"The truth is, you have to wake up everyday and tell yourself you're beautiful. It's just something you do. No one actually opens their eyes in the morning believing that they're gorgeous. It takes time. Painstakingly fragile time. Just a small moment at the beginning of your day. Let it hold hands with the sun. Let it become a ritual for you. Just tell yourself every morning, I am beautiful. You don't even have to believe it at first. But after a day, a week, a year, ten years, you will wake up and say it, and you will believe it. I am beautiful."
I dug this up the other day. It was from some little piece that never got finished. Of course. I am in the habit of not finishing things. I liked this one though. It was mostly about femininity and womanhood. It was about courage too. And faith.
All of those things have been on my mind lately.
Decisions are coming to a head in my life. The choices that change things in larger ways than most.
And some of it's easy. There is a portion of me that is wrapped tight inside of my chest and rests with a slow breathing. It's a part that I can't choose now because a key piece is missing. So it waits. Sometimes restlessly impatient, and at other times just simply waiting.

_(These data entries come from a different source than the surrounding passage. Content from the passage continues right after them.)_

(* Let $X_1, \dots, X_n$ be independent, identically distributed random variables taking values in $[0, \infty)$, with common distribution function $F$. Suppose that (1) $F$ has a continuous density $f$ in a neighborhood of $0$ which is nonvanishing there (in particular $f(0) \neq 0$), and (2) $1 - F \in L^p([0, \infty))$ for some $p > 0$. Then, as $n \to \infty$, \[ \mathbb{E}\big(\min(X_1, \dots, X_n)\big) \sim \frac{1}{f(0)(n+1)}. \]
   Context: $a_n \sim b_n$ means $a_n / b_n \to 1$ as $n \to \infty$. *)

theory Defs
  imports "HOL-Probability.Probability" "HOL-Library.Landau_Symbols"
begin

end

theory Submission
  imports Defs
begin

text \<open>
  By the layer-cake formula and independence, \<open>E min(X\<^sub>1, \<dots>, X\<^sub>n) = \<integral>\<^sub>0\<^sup>\<infinity> G(t)\<^sup>n dt\<close>
  with \<open>G = 1 - F\<close>. Near \<open>0\<close> we have \<open>G(t) = 1 - f(0) t + o(t)\<close>, so on a short interval
  \<open>[0, \<eta>]\<close> the integrand is squeezed between the powers \<open>(1 - (f(0) \<plusminus> \<epsilon>) t)\<^sup>n\<close>, whose
  integrals are about \<open>1 / ((f(0) \<plusminus> \<epsilon>)(n + 1))\<close>. Beyond \<open>\<eta>\<close> we bound
  \<open>G\<^sup>n \<le> G(\<eta>)\<^bsup>n - N\<^esup> G\<^sup>p\<close> with \<open>N = \<lceil>p\<rceil>\<close>; since \<open>G(\<eta>) < 1\<close> and \<open>G\<^sup>p\<close> is
  integrable, this tail is \<open>o(1/n)\<close>.
\<close>

lemma nn_integral_layer_cake:
  fixes Y :: "'a \<Rightarrow> real"
  assumes "sigma_finite_measure M" and [measurable]: "Y \<in> borel_measurable M"
    and nonneg: "\<And>x. x \<in> space M \<Longrightarrow> 0 \<le> Y x"
  shows "(\<integral>\<^sup>+x. ennreal (Y x) \<partial>M) =
    (\<integral>\<^sup>+t. indicator {0..} t * emeasure M {x\<in>space M. t < Y x} \<partial>lborel)"
proof -
  interpret pair_sigma_finite M lborel
    using assms(1) by (simp add: pair_sigma_finite_def lborel.sigma_finite_measure_axioms)
  let ?under = "\<lambda>x t. indicator {0..} t * indicator {x\<in>space M. t < Y x} x :: ennreal"
  have "(\<integral>\<^sup>+x. ennreal (Y x) \<partial>M) = (\<integral>\<^sup>+x. (\<integral>\<^sup>+t. ?under x t \<partial>lborel) \<partial>M)"
  proof (rule nn_integral_cong)
    fix x assume x: "x \<in> space M"
    have "(\<integral>\<^sup>+t. ?under x t \<partial>lborel) = (\<integral>\<^sup>+t. indicator {0..<Y x} t \<partial>lborel)"
      using x by (intro nn_integral_cong) (auto simp: indicator_def)
    then show "ennreal (Y x) = (\<integral>\<^sup>+t. ?under x t \<partial>lborel)"
      using nonneg[OF x] by simp
  qed
  also have "\<dots> = (\<integral>\<^sup>+t. (\<integral>\<^sup>+x. ?under x t \<partial>M) \<partial>lborel)"
    by (rule Fubini'[symmetric]) measurable
  also have "\<dots> = (\<integral>\<^sup>+t. indicator {0..} t * emeasure M {x\<in>space M. t < Y x} \<partial>lborel)"
    by (intro nn_integral_cong nn_integral_cmult_indicator) measurable
  finally show ?thesis .
qed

But then there's other decisions. Larger portions of myself bursting at the seams. They whisper to me at night, and their whispers are so loud that sometimes they wake me. Tiny voices growing bigger about cameras and languages and food and quilts and places and film and writing.
I won't lie. The voice in my head that whispers to me about writing has reached a crescendo. It is screaming about books that you can hold in the palm of your hand and title pages and covers covered in tiny blue flowers and hand-painted illustrations and words. It is screaming about finishing.
Something big is going to happen soon. I know it.
Matthew is my solace these days. Especially the later chapters.